Dataset records
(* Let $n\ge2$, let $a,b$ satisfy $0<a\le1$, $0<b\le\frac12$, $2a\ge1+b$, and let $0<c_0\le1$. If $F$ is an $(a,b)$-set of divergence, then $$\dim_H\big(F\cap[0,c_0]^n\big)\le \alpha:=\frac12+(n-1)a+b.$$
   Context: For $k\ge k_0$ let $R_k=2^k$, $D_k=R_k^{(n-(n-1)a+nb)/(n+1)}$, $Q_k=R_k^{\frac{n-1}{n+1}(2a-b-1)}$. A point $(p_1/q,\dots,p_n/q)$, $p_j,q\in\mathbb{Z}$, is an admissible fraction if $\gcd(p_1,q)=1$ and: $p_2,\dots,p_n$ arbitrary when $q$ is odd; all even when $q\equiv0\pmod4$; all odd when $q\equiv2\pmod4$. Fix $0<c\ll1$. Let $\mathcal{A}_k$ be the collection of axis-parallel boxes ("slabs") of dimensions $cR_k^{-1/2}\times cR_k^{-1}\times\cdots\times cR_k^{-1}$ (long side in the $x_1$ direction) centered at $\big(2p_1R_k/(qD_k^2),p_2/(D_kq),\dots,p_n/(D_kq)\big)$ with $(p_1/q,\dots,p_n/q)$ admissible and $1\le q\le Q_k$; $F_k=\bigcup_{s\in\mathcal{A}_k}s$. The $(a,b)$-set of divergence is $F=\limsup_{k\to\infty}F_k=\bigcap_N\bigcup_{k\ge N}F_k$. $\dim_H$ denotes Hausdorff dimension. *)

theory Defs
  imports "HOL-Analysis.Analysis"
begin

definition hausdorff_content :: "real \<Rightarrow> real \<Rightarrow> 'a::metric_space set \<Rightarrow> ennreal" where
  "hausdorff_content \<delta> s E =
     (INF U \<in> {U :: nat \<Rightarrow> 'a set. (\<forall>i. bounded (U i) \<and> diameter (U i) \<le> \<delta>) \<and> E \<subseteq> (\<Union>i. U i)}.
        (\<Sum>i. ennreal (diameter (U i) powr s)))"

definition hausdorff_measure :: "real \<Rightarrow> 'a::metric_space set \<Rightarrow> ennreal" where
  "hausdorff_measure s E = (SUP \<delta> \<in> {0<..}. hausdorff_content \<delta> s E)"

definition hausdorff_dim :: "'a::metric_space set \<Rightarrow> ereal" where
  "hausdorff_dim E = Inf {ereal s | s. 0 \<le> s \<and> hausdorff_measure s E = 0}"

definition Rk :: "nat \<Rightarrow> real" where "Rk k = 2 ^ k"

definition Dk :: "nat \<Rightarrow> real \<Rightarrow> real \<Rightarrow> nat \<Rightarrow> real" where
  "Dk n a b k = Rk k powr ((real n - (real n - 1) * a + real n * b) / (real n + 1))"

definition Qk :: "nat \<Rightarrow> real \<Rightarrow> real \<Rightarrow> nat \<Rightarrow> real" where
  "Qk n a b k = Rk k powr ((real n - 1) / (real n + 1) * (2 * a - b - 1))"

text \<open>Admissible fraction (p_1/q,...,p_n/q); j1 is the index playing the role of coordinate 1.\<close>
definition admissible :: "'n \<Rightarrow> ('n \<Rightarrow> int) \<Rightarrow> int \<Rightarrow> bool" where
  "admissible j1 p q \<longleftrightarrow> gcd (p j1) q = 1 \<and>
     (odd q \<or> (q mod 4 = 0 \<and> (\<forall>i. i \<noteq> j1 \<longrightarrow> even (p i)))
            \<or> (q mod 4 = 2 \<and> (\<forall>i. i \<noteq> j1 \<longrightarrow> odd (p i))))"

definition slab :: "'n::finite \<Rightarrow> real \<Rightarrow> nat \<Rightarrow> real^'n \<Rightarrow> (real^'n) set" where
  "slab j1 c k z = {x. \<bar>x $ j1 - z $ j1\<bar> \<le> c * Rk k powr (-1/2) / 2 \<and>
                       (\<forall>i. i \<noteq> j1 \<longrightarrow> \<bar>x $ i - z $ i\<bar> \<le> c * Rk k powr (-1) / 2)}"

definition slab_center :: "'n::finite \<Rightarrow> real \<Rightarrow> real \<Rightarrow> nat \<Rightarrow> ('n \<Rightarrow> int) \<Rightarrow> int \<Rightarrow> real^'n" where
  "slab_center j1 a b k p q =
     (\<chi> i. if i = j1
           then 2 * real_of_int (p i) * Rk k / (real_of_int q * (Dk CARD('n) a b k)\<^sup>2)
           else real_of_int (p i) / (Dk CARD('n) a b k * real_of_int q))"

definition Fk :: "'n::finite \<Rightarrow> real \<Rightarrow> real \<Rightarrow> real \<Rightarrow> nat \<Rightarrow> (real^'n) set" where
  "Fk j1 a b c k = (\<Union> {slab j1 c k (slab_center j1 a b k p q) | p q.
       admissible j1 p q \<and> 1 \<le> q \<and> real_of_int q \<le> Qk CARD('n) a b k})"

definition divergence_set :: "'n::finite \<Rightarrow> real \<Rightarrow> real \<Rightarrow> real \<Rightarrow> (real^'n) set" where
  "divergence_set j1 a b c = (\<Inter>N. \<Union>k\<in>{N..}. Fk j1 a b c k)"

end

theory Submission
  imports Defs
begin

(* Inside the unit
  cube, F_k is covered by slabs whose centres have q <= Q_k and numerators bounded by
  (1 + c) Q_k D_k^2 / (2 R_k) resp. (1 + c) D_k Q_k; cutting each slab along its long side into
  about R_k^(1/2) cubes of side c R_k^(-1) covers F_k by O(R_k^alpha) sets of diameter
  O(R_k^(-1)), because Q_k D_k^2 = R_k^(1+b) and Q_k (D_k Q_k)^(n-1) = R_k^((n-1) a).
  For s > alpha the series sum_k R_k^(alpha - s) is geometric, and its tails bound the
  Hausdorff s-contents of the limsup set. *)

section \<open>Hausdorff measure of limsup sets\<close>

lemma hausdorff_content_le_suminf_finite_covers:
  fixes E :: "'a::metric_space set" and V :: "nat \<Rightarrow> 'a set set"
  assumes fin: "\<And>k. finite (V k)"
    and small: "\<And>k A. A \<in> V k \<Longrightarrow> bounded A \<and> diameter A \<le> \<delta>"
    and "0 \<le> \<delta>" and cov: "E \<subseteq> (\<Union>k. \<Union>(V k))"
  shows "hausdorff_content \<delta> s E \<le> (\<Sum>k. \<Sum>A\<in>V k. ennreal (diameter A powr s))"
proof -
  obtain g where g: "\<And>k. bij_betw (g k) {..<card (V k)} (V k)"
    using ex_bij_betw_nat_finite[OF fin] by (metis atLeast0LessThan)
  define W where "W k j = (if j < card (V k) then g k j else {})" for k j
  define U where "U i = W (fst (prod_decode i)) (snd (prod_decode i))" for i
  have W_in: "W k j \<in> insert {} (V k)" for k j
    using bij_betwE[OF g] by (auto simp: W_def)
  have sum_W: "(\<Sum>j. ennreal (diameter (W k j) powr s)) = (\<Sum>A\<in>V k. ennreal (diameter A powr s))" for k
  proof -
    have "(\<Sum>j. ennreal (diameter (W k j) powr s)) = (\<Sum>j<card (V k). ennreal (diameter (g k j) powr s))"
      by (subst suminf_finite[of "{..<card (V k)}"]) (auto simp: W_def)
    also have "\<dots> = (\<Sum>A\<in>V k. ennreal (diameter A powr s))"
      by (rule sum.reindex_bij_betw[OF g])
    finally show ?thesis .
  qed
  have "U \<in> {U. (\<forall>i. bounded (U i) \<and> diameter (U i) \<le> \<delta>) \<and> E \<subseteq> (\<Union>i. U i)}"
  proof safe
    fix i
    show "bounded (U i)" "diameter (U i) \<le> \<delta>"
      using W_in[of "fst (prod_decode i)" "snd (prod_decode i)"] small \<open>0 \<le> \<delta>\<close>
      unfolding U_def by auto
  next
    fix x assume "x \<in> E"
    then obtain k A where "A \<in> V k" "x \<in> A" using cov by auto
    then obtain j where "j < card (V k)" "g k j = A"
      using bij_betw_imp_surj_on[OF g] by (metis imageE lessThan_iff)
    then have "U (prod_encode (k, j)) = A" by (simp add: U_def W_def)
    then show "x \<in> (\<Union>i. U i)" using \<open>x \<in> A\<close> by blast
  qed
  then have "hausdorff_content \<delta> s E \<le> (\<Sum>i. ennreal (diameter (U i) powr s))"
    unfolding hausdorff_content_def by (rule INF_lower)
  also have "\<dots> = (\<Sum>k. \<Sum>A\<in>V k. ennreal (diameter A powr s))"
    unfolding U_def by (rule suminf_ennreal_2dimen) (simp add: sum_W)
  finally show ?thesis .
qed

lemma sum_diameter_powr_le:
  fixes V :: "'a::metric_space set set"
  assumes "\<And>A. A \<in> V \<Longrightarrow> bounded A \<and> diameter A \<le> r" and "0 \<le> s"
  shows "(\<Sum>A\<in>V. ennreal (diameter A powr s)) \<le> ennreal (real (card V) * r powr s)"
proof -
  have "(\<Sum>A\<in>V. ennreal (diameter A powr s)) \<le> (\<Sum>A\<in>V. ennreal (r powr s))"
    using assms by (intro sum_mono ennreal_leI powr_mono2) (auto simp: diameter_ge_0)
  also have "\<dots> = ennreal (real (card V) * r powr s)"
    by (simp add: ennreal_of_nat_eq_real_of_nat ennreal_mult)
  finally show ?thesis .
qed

* ABOUT THIS EXERCISE
Would you retype the lines above from the one with "(\<chi> i. if i = j1" down to the one with "else real_of_int (p", word for word, both ends included and no other lines?

* RESPONSE AREA
     (\<chi> i. if i = j1
           then 2 * real_of_int (p i) * Rk k / (real_of_int q * (Dk CARD('n) a b k)\<^sup>2)
           else real_of_int (p i) / (Dk CARD('n) a b k * real_of_int q))"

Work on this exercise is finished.